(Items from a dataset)
lemma abs_cond_cov_dominated_le:
  assumes A: "A \<in> sets G" and f: "f \<in> borel_measurable H" and g: "g \<in> borel_measurable C"
    and f_le_g: "AE x in M. \<bar>f x\<bar> \<le> g x" and bounded_g: "ae_bounded M g"
  shows "AE x in M. \<bar>cond_cov M C (indicator A) f x\<bar> \<le> 2 * alpha x * g x"
proof -
  define \<phi> where "\<phi> = (\<lambda>y. max (-1) (min 1 (f y / g y)))"
  have \<phi>: "\<phi> \<in> borel_measurable H"
    unfolding \<phi>_def using f measurable_from_subalg[OF subalgebra_H_C g] by measurable
  have bounded_A: "ae_bounded M (indicator A)" using A by (intro ae_bounded_indicator sets_G_M)
  have bounded_\<phi>: "ae_bounded M \<phi>"
    using measurable_from_subalg[OF subalg_H \<phi>] by (intro ae_boundedI[where K=1] AE_I2) (auto simp: \<phi>_def)
  have bounded_f: "ae_bounded M f"
  proof -
    obtain K where "AE x in M. \<bar>g x\<bar> \<le> K" using bounded_g unfolding ae_bounded_def by blast
    with f_le_g have "AE x in M. \<bar>f x\<bar> \<le> K" by eventually_elim linarith
    then show ?thesis by (rule ae_boundedI[OF measurable_from_subalg[OF subalg_H f]])
  qed
  have "AE x in M. f x = g x * \<phi> x"
    using f_le_g
  proof eventually_elim
    case (elim x)
    show ?case
    proof (cases "g x = 0")
      case False
      with elim have "0 < g x" "\<bar>f x / g x\<bar> \<le> 1"
        using abs_ge_zero[of "f x"] by (simp_all add: abs_div del: abs_le_iff)
      then have "- 1 \<le> f x / g x" "f x / g x \<le> 1" by (simp_all add: le_divide_eq divide_le_eq)
      with \<open>0 < g x\<close> show ?thesis by (simp add: \<phi>_def)
    qed (use elim in simp)
  qed
  then have "AE x in M. cond_cov M C (indicator A) f x = cond_cov M C (indicator A) (\<lambda>y. g y * \<phi> y) x"
    using bounded_A bounded_f bounded_g bounded_\<phi> by (intro C.cond_cov_cong_right ae_bounded_mult)
  moreover have "AE x in M. cond_cov M C (indicator A) (\<lambda>y. g y * \<phi> y) x = g x * cond_cov M C (indicator A) \<phi> x"
    using g bounded_g bounded_A bounded_\<phi> by (rule C.cond_cov_mult_right)
  moreover have "AE x in M. \<bar>cond_cov M C (indicator A) \<phi> x\<bar> \<le> 2 * alpha x"
    using A \<phi> by (rule abs_cond_cov_le_2_alpha) (simp add: \<phi>_def)
  ultimately show ?thesis using f_le_g
  proof eventually_elim
    case (elim x)
    have "0 \<le> g x" using elim(4) abs_ge_zero[of "f x"] by linarith
    have "\<bar>cond_cov M C (indicator A) f x\<bar> = g x * \<bar>cond_cov M C (indicator A) \<phi> x\<bar>"
      using elim(1,2) \<open>0 \<le> g x\<close> by (simp add: abs_mult)
    also have "\<dots> \<le> g x * (2 * alpha x)" using elim(3) \<open>0 \<le> g x\<close> by (rule mult_left_mono)
    finally show ?case by (simp add: mult_ac)
  qed
qed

• _Aim of the exercise_
The lines to copy are those above that contain the string "with".

• _Exercise answer_
    with f_le_g have "AE x in M. \<bar>f x\<bar> \<le> K" by eventually_elim linarith
      with elim have "0 < g x" "\<bar>f x / g x\<bar> \<le> 1"
      with \<open>0 < g x\<close> show ?thesis by (simp add: \<phi>_def)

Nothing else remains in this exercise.